You will quickly get the hang of this as you discover which flavours you like (and I’ve attached a few ideas below!). When an hour of meal prep can save you a week’s worth of stale cafeteria sandwiches or deep fried junk, then why not give it a go?!


Black beans, chick peas, roasted sweet potato, leafy greens, grana padano cheese.


5 Ancient Grains mixed with mustard and tomato paste, with red kidney beans, sundried tomatoes, leafy greens and capsicum.


Panfried salmon with crunchy Asian slaw and wilted greens


Sauteed silverbeet and kale with celery, dukka and grana adano cheese (eaten with eggs on the side).


Pearly barley cooking with crushed tomatoes, with kidney beans, corn, celery and kale.


Roasted vegetables with sage and thyme, with Mayver’s Super Spread (a blended mixture of nuts and chia seeds).


Pearl barley and lentils with kale, asparagus, capsicum and tahini.

The Secret to Sexy Salads

There is nothing sexy about soggy lettuce (unless you have a niche fetish for damp foliage, in which case, best of luck to you!). We’ve all had those superb salads that make us revalidate healthy eating as a delicious life decision, as well as those other inferior salads that leave our souls and stomachs empty inside.

So what is the secret to constructing a truly sexy salad? It’s all to do with balance. Balance the textures, balance the flavours, and rejoice in the tasty nutritious harmony that results!  For the novice home cooks, this may sound easier said than done, but fear not – follow this simply guide and you’ll be well on your way to salad stardom.

Balance the macros
First of all, make sure to include a mixture of carbs, protein and fats; this will ensure your salad will actually keep you full. Some suggestions include;

  • – carbs: quinoa, rice, buckwheat, pasta, freekah, potato, pumpkin
  • – protein: beans, lentils, chicken, salmon, tuna, lean cuts of red meat, haloumi, tofu
  • – fats: avocado, olive oil, nuts



Add the foliage 

There’s no rule saying you must use lettuce!
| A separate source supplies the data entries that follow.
(* Let $1<p<2$. There is a constant $C_p$ depending only on $p$ with the following property. Let $g\in L^p(\mathbb R)$ with $\|g\|_p=1$, let $T,S\subset\mathbb R$ be countable, and suppose $\{(e_s\tau_tg,\,g^*_{ts}):(t,s)\in T\times S\}$ is a $K$-unconditional Schauder frame of $L^p(\mathbb R)$. Let $\delta>0$ satisfy $\sup_{0<\sigma<\delta}\int_{\mathbb R}|g(x)|^p|e^{2\pi i\sigma x}-1|^p\,dx<2^{-p}$, and put $S_l=S\cap[l\delta,(l+1)\delta)$, $l\in\mathbb Z$. Then for every $f\in L^p(\mathbb R)$, $$\Big(\sum_{t\in T}\sum_{l\in\mathbb Z}\Big(\sum_{s\in S_l}|g^*_{ts}(f)|\Big)^2\Big)^{1/2}\le 2KC_p\|f\|_p.$$
   Context: $(\tau_t g)(x)=g(x-t)$, $e_s(x)=e^{2\pi i s x}$. A family $\{(u_n,u_n^* )\}\subset X\times X^*$ is a $K$-unconditional Schauder frame of $X$ if for every $x\in X$ the series $\sum_nu_n^*(x)u_n$ converges unconditionally to $x$ and $\|\sum_n\theta_nu_n^*(x)u_n\|\le K\|x\|$ for all scalars $|\theta_n|\le1$. *)

theory Defs
  imports "HOL-Analysis.Analysis"
begin

definition Lp :: "real \<Rightarrow> (real \<Rightarrow> complex) set" where
  "Lp p = {f. f \<in> borel_measurable lborel \<and> integrable lborel (\<lambda>x. cmod (f x) powr p)}"

definition Lp_norm :: "real \<Rightarrow> (real \<Rightarrow> complex) \<Rightarrow> real" where
  "Lp_norm p f = (LINT x|lborel. cmod (f x) powr p) powr (1 / p)"

definition Lp_dual :: "real \<Rightarrow> ((real \<Rightarrow> complex) \<Rightarrow> complex) \<Rightarrow> bool" where
  "Lp_dual p \<phi> \<longleftrightarrow>
     (\<forall>f\<in>Lp p. \<forall>h\<in>Lp p. \<phi> (\<lambda>x. f x + h x) = \<phi> f + \<phi> h) \<and>
     (\<forall>f\<in>Lp p. \<forall>c. \<phi> (\<lambda>x. c * f x) = c * \<phi> f) \<and>
     (\<exists>B. \<forall>f\<in>Lp p. cmod (\<phi> f) \<le> B * Lp_norm p f)"

definition transl :: "real \<Rightarrow> (real \<Rightarrow> complex) \<Rightarrow> real \<Rightarrow> complex" where
  "transl t g = (\<lambda>x. g (x - t))"

definition expo :: "real \<Rightarrow> real \<Rightarrow> complex" where
  "expo s = (\<lambda>x. exp (2 * pi * \<i> * complex_of_real (s * x)))"

definition Lp_uncond_conv ::
  "real \<Rightarrow> 'i set \<Rightarrow> ('i \<Rightarrow> complex) \<Rightarrow> ('i \<Rightarrow> real \<Rightarrow> complex) \<Rightarrow> (real \<Rightarrow> complex) \<Rightarrow> bool" where
  "Lp_uncond_conv p I c u y \<longleftrightarrow>
     (\<forall>\<epsilon>>0. \<exists>F0. finite F0 \<and> F0 \<subseteq> I \<and>
        (\<forall>F. finite F \<and> F0 \<subseteq> F \<and> F \<subseteq> I \<longrightarrow>
           Lp_norm p (\<lambda>x. y x - (\<Sum>i\<in>F. c i * u i x)) < \<epsilon>))"

definition Lp_uncond_frame ::
  "real \<Rightarrow> 'i set \<Rightarrow> ('i \<Rightarrow> real \<Rightarrow> complex) \<Rightarrow> ('i \<Rightarrow> (real \<Rightarrow> complex) \<Rightarrow> complex) \<Rightarrow> real \<Rightarrow> bool" where
  "Lp_uncond_frame p I u us K \<longleftrightarrow>
     (\<forall>i\<in>I. u i \<in> Lp p \<and> Lp_dual p (us i)) \<and>
     (\<forall>x\<in>Lp p.
        Lp_uncond_conv p I (\<lambda>i. us i x) u x \<and>
        (\<forall>\<theta>::'i \<Rightarrow> complex. (\<forall>i\<in>I. cmod (\<theta> i) \<le> 1) \<longrightarrow>
           (\<exists>y\<in>Lp p. Lp_uncond_conv p I (\<lambda>i. \<theta> i * us i x) u y \<and>
                      Lp_norm p y \<le> K * Lp_norm p x)))"

end

theory Submission
  imports Defs
begin

text \<open>For \<open>s\<close> in the
  band \<open>[l\<delta>, (l + 1)\<delta>)\<close>, a unimodular multiple of the atom \<open>M\<^sub>s T\<^sub>t g\<close> lies within \<open>1/2\<close> of
  \<open>M\<^sub>l\<^sub>\<delta> T\<^sub>t g\<close> in \<open>L\<^sup>p\<close> (this is the hypothesis on \<open>\<delta>\<close>), so the \<open>\<ell>\<^sup>1\<close>-norm of the coefficients
  of a finite block is at most twice the norm of the block sum \<open>W\<^sub>t\<^sub>,\<^sub>l\<close> of suitably rotated atoms
  weighted by the moduli of the coefficients. Unconditionality bounds every signed sum
  \<open>\<Sum> \<plusminus>W\<^sub>t\<^sub>,\<^sub>l\<close> by \<open>K \<parallel>f\<parallel>\<^sub>p\<close>, and since \<open>L\<^sup>p\<close> has cotype 2 for \<open>p \<le> 2\<close> (Khintchine's
  inequality integrated pointwise, followed by the reverse Minkowski inequality in \<open>L\<^sup>p\<^sup>/\<^sup>2\<close>),
  \<open>\<Sum> \<parallel>W\<^sub>t\<^sub>,\<^sub>l\<parallel>\<^sub>p\<^sup>2 \<le> 12\<^sup>2\<^sup>/\<^sup>p (K \<parallel>f\<parallel>\<^sub>p)\<^sup>2\<close>. Exhausting the bands by finite blocks gives the
  theorem with \<open>C\<^sub>p = 12\<close>.\<close>

section \<open>Minkowski inequalities for \<open>L\<^sup>r\<close> quasi-norms\<close>

lemma powr_le_powr_iff:
  fixes x y r :: real
  assumes "0 < r" "0 \<le> x" "0 \<le> y"
  shows "x powr r \<le> y powr r \<longleftrightarrow> x \<le> y"
  using assms by (meson not_le powr_less_mono2 powr_mono2 less_imp_le)

lemma powr_concave:
  assumes "0 < r" "r \<le> 1"
  shows "concave_on {0<..} (\<lambda>x::real. x powr r)"
proof (rule f''_le0_imp_concave)
  fix x :: real assume x: "x \<in> {0<..}"
  show "((\<lambda>x. x powr r) has_real_derivative r * x powr (r - 1)) (at x)"
    using x by (auto intro!: derivative_eq_intros)
  show "((\<lambda>x. r * x powr (r - 1)) has_real_derivative r * ((r - 1) * x powr (r - 1 - 1))) (at x)"
    using x by (auto intro!: derivative_eq_intros)
  show "r * ((r - 1) * x powr (r - 1 - 1)) \<le> 0"
    using assms by (intro mult_nonneg_nonpos mult_nonpos_nonneg) auto
qed simp

lemma powr_convex_combination_le:
  fixes u v s t r :: real
  assumes "1 \<le> r" "0 \<le> u" "0 \<le> v" "0 \<le> s" "0 \<le> t" "s + t = 1"
  shows "(s * u + t * v) powr r \<le> s * u powr r + t * v powr r"
proof -
  have s: "s = 1 - t"
    using assms by simp
  have weight: "c powr r * w \<le> c * w" if "0 \<le> c" "c \<le> 1" "0 \<le> w" for c w :: real
    using that assms(1) powr_le_one_le[of c r] by (cases "c = 0") (auto intro: mult_right_mono)
  consider "0 < u" "0 < v" | "u = 0" | "v = 0"
    using assms by linarith
  then show ?thesis
  proof cases
    case 1
    then show ?thesis
      using convex_onD[OF powr_convex[OF assms(1)], of t u v] assms unfolding s by simp
  qed (use assms weight[of t "v powr r"] weight[of s "u powr r"] in \<open>auto simp: powr_mult\<close>)
qed

lemma powr_convex_combination_ge:
  fixes u v s t r :: real
  assumes "0 < r" "r \<le> 1" "0 \<le> u" "0 \<le> v" "0 \<le> s" "0 \<le> t" "s + t = 1"
  shows "s * u powr r + t * v powr r \<le> (s * u + t * v) powr r"
proof -
  have s: "s = 1 - t"
    using assms by simp
  have weight: "c * w \<le> c powr r * w" if "0 \<le> c" "c \<le> 1" "0 \<le> w" for c w :: real
    using that assms(1,2) powr_mono'[of r 1 c] by (cases "c = 0") (auto intro: mult_right_mono)
  consider "0 < u" "0 < v" | "u = 0" | "v = 0"
    using assms by linarith
  then show ?thesis
  proof cases
    case 1
    then show ?thesis
      using concave_onD[OF powr_concave[OF assms(1,2)], of t u v] assms unfolding s by simp
  qed (use assms weight[of t "v powr r"] weight[of s "u powr r"] in \<open>auto simp: powr_mult\<close>)
qed

definition Lnorm :: "'a measure \<Rightarrow> real \<Rightarrow> ('a \<Rightarrow> real) \<Rightarrow> real" where
  "Lnorm M r F = (\<integral>x. F x powr r \<partial>M) powr (1 / r)"

lemma Lnorm_nonneg: "0 \<le> Lnorm M r F"
  by (simp add: Lnorm_def)

lemma Lnorm_powr:
  assumes "0 < r"
  shows "Lnorm M r F powr r = (\<integral>x. F x powr r \<partial>M)"
  using assms by (simp add: Lnorm_def powr_powr integral_nonneg_AE)

lemma Lnorm_le_iff:
  assumes "0 < r" "0 \<le> X"
  shows "Lnorm M r F \<le> X \<longleftrightarrow> (\<integral>x. F x powr r \<partial>M) \<le> X powr r"
  using assms by (simp add: Lnorm_powr[symmetric] powr_le_powr_iff Lnorm_nonneg)

lemma le_Lnorm_iff:
  assumes "0 < r" "0 \<le> X"
  shows "X \<le> Lnorm M r F \<longleftrightarrow> X powr r \<le> (\<integral>x. F x powr r \<partial>M)"
  using assms by (simp add: Lnorm_powr[symmetric] powr_le_powr_iff Lnorm_nonneg)

lemma Lnorm_mono:
  assumes "0 < r" "\<And>x. 0 \<le> F x" "\<And>x. F x \<le> G x"
    and "integrable M (\<lambda>x. F x powr r)" "integrable M (\<lambda>x. G x powr r)"
  shows "Lnorm M r F \<le> Lnorm M r G"
  unfolding Lnorm_def using assms
  by (intro powr_mono2 integral_mono integral_nonneg_AE) auto

lemma integrable_powr_le_add:
  fixes F G H :: "'a \<Rightarrow> real"
  assumes "0 < r" and [measurable]: "H \<in> borel_measurable M"
    and "\<And>x. 0 \<le> F x" "\<And>x. 0 \<le> G x" "\<And>x. 0 \<le> H x" "\<And>x. H x \<le> F x + G x"
    and "integrable M (\<lambda>x. F x powr r)" "integrable M (\<lambda>x. G x powr r)"
  shows "integrable M (\<lambda>x. H x powr r)"
proof (rule Bochner_Integration.integrable_bound)
  show "integrable M (\<lambda>x. 2 powr r * (F x powr r + G x powr r))"
    using assms by auto
  show "AE x in M. norm (H x powr r) \<le> norm (2 powr r * (F x powr r + G x powr r))"
  proof (intro AE_I2)
    fix x
    have "H x powr r \<le> (2 * max (F x) (G x)) powr r"
      using assms(1) assms(5,6)[of x] by (intro powr_mono2) auto
    also have "\<dots> \<le> 2 powr r * (F x powr r + G x powr r)"
      using assms(3,4)[of x] by (auto simp: powr_mult max_def)
    finally show "norm (H x powr r) \<le> norm (2 powr r * (F x powr r + G x powr r))"
      by simp
  qed
qed measurable

lemma integrable_sum_powr:
  fixes F :: "'i \<Rightarrow> 'a \<Rightarrow> real"
  assumes "0 < r" "finite I" "\<And>i. i \<in> I \<Longrightarrow> F i \<in> borel_measurable M"
    and "\<And>i x. i \<in> I \<Longrightarrow> 0 \<le> F i x" "\<And>i. i \<in> I \<Longrightarrow> integrable M (\<lambda>x. F i x powr r)"
  shows "integrable M (\<lambda>x. (\<Sum>i\<in>I. F i x) powr r)"
  using assms(2-)
proof (induction I rule: finite_induct)
  case (insert j I)
  have "integrable M (\<lambda>x. (F j x + (\<Sum>i\<in>I. F i x)) powr r)"
  proof (rule integrable_powr_le_add[where F = "F j" and G = "\<lambda>x. \<Sum>i\<in>I. F i x"])
    show "(\<lambda>x. F j x + (\<Sum>i\<in>I. F i x)) \<in> borel_measurable M"
      using insert.prems(1) by (intro borel_measurable_add borel_measurable_sum) auto
  qed (use \<open>0 < r\<close> insert in \<open>auto intro!: add_nonneg_nonneg sum_nonneg\<close>)
  with insert show ?case
    by simp
qed simp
Try different varieties of fancy lettuce, beetroot leaves, spinach or kale for something mild, rocket for something spicy, or celery leaves for a more aniseed flavour.



Balance the flavours

This is the slightly tricky part but it gets easier with practice! Aim for three of the five tastes of sweet, salty, sour, bitter and savoury. Some suggestions include;

  • – sweet: mango, orange, peaches, tomatoes, sweet potato, pumpkin, a drizzle of honey
  • – sour: apple cider or white wine vinegar
  • – bitter: lemon, lime, grapefruit
  • – salty: salt obviously, seafood
  • – savoury: miso, grains


Balance the textures

Now this is how you boredom bust your salads! Think about what you’ve already got and go through a little mental checklist. Have I got something crunchy? If not, add nuts or seeds. Have I got something soft / squishy? If not, add soft cheese, tofu, avocado, pumpkin etc. Have I got something in between? If not, think about your vegetables like capsicum, corn, beans etc.



Dress your salad

Always leave the dressing until you’re just about to serve to prevent your bottom from going soggy (the salad I mean). Rather than the calorie laden high sugar dressings from the supermarket, I often choose for a small sprinkle of oil (try macadamia, avocado, olive or rapeseed) and a spritz of vinegar (like balsamic, apple cider or white / red wine vinegar).

Ta-dah! You are now well on your way to slaying at salads. See, you can make friends with salad after all!